Le ministre de la Justice, a fait face, mardi dernier, à la presse, pour se prononcer sur la cascade de libérations de détenus dits «politiques». En soutenant que tous les dossiers ont été examinés «au cas par cas», Me Aïssata Tall Sall semble enfoncer les magistrats du parquet.
Face à la presse mardi dernier, pour justifier cette situation, Me Aïssata Tall Sall a fait savoir que les dossiers des 344 personnes libérées ont été examinés au cas par cas. «Il n’y a jamais eu de libération massive, ni sur la tête du client», tente-t-elle de justifier pour couper court aux allégations selon lesquelles ces détenus ont été élargis de prison grâce à un dialogue indirect entre Ousmane Sonko et Macky Sall. L’avocate veut faire croire à l’opinion qu’entre le 15 et le 17 février 2024, le parquet de Dakar a traité de fond en comble tous ces dossiers. Ce qui parait utopique au regard de la configuration de la magistrature sénégalaise. «En annonçant le nombre de personnes à libérer, c’est-à-dire les 272 détenus restants, elle confirme que les juges exécutent une commande politique.
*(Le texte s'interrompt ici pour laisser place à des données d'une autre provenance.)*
(* Let $C\in\{0.15,0.45\}$ and define on $[-\pi,\pi]$ $$z_1(x)=2e^{1-\frac{1}{1-(x/\pi)^2}}-1,\qquad z_2(x)=\sin(x-C),$$ where $z_1(\pm\pi)=-1$ (the continuous, indeed smooth, extension). Then the curvature $$K(x)=\frac{-\partial_{xx}z_1(x)\,\partial_x z_2(x)+\partial_{xx}z_2(x)\,\partial_x z_1(x)}{\big(\partial_x z_1(x)^2+\partial_x z_2(x)^2\big)^{3/2}}$$ of the closed curve $x\mapsto(z_1(x),z_2(x))$ vanishes, for $x\in(-\pi,\pi]$, only at $x=\pi$.
   Context: Derivatives of $z_1$ at $x=\pm\pi$ are understood as limits (all of them equal $0$); the curve $(z_1,z_2)$ is regarded as $2\pi$-periodic, so $x=-\pi$ and $x=\pi$ represent the same point. *)

theory Defs
  imports "HOL-Analysis.Analysis"
begin

text \<open>Outside
  [-pi, pi] we extend it by the constant -1, which is a smooth (flat) extension, so that the
  derivatives at pi and -pi (computed as genuine two-sided derivatives) coincide with the
  one-sided limits, all equal to 0.\<close>
definition z1 :: "real \<Rightarrow> real" where
  "z1 x = (if \<bar>x\<bar> < pi then 2 * exp (1 - 1 / (1 - (x / pi)^2)) - 1 else -1)"

definition z2 :: "real \<Rightarrow> real \<Rightarrow> real" where
  "z2 C x = sin (x - C)"

definition curvature :: "real \<Rightarrow> real \<Rightarrow> real" where
  "curvature C x =
     (- deriv (deriv z1) x * deriv (z2 C) x + deriv (deriv (z2 C)) x * deriv z1 x)
     / ((deriv z1 x)^2 + (deriv (z2 C) x)^2) powr (3/2)"

end

theory Submission
  imports Defs "HOL-Real_Asymp.Real_Asymp"
begin

text \<open>
  For \<open>|x| < pi\<close> write \<open>w = 1 - (x/pi)^2\<close>, so that \<open>z1 = 2 exp (1 - 1/w) - 1\<close>. Differentiating
  twice, the numerator of the curvature becomes \<open>-2 exp (1 - 1/w) F(C, x) / (pi^2 w^4)\<close> with
  \<open>F(C, t) = (6 (t/pi)^4 - 2) cos (t - C) - 2 t w^2 sin (t - C)\<close>; hence the curvature vanishes
  nowhere in \<open>(-pi, pi)\<close> once \<open>F(C, t) < 0\<close> there. This inequality is certified by interval
  arithmetic with fixed-point integers, evaluated inside the logic; as \<open>F(C, -t) = F(-C, t)\<close>, only
  \<open>t \<ge> 0\<close> has to be covered. At \<open>x = pi\<close> the function \<open>z1\<close> is flat, so both of its derivatives
  and with them the curvature vanish.
\<close>

section \<open>Polynomial bounds for sine and cosine\<close>

lemma Maclaurin_cos_bound:
  "\<bar>cos x - (\<Sum>m<n. cos_coeff m * x ^ m)\<bar> \<le> inverse (fact n) * \<bar>x\<bar> ^ n"
proof -
  obtain t where "cos x = (\<Sum>m<n. cos_coeff m * x ^ m) + cos t / fact n * x ^ n"
    using Maclaurin_cos_expansion[of x n] by auto
  then have "\<bar>cos x - (\<Sum>m<n. cos_coeff m * x ^ m)\<bar> = \<bar>cos t\<bar> * (inverse (fact n) * \<bar>x\<bar> ^ n)"
    by (simp add: abs_mult power_abs divide_inverse)
  also have "\<dots> \<le> inverse (fact n) * \<bar>x\<bar> ^ n"
    by (simp add: mult_left_le_one_le)
  finally show ?thesis .
qed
Et c’est ce qui est grave», souffle une source judiciaire.
Selon un juge qui a requis l’anonymat, les autorités, en l’occurrence le président de la République, «anticipent sur d’éventuelles poursuites pour crimes contre l’humanité». Selon notre source le «ministre et le chef de l’Etat peuvent être poursuivis au titre de la responsabilité du supérieur hiérarchique». «Or, l’une des conditions d’engagement de cette forme de responsabilité c’est que le supérieur n’ait pris aucune mesure pour empêcher le crime, faire cesser le crime ou punir les auteurs», soutient notre interlocuteur. Par ailleurs, plusieurs faits contredisent l’argument brandi par la patronne du mouvement «Oser l’avenir». Le nombre insuffisant de magistrats (546, chiffre de 2019) décrié par les différents présidents de l’Ums en fait partie. Comme les défenseurs des droits humains, ces derniers justifient les longues détentions préventives par cet état de fait. Et la grève des détenus de la prison de Ziguinchor qui demandent à être jugés en temps raisonnable en est une preuve patente. Plusieurs détenus de droit commun, au moment où les autorités libèrent des individus poursuivis pour des délits criminels, croupissent en silence en prison en attendant l’enrôlement de leurs dossiers.
L’autre élément qui démonte cette justification de Me Aïssata Tall Sall, est la sortie médiatique, le 18 janvier dernier, de Mes Mame Adama Guèye, ancien bâtonnier de l’Ordre des avocats, et l’avocat Moussa Sarr. Dans un panel qu’il animait, ce jour, Me Moussa Sarr avait soutenu que beaucoup de dossiers de ces détenus dits politiques ont été bouclés, puis envoyés au parquet. «Des dossiers sont au parquet depuis plusieurs semaines voire des mois. Ces dossiers ne font pas jusqu’à présent l’objet d’enrôlement», avait-il révélé. «La règle basique impose à la justice de respecter la loi avant d’aller vers des réformes profondes. L’affaire Alioune Sané est emblématique. Il est en prison au gré du procureur. Juan Branco, interpelé pour des faits aussi graves, a obtenu une liberté provisoire alors qu’il ne dispose d’aucune garantie de représentation. Alors que la condition sine qua none d’accorder une liberté provisoire à un individu, c’est d’abord qu’il présente une garantie de représentation. C’est-à-dire de pouvoir se présenter quand on a besoin de vous», avait ajouté Me Mame Adama Guèye.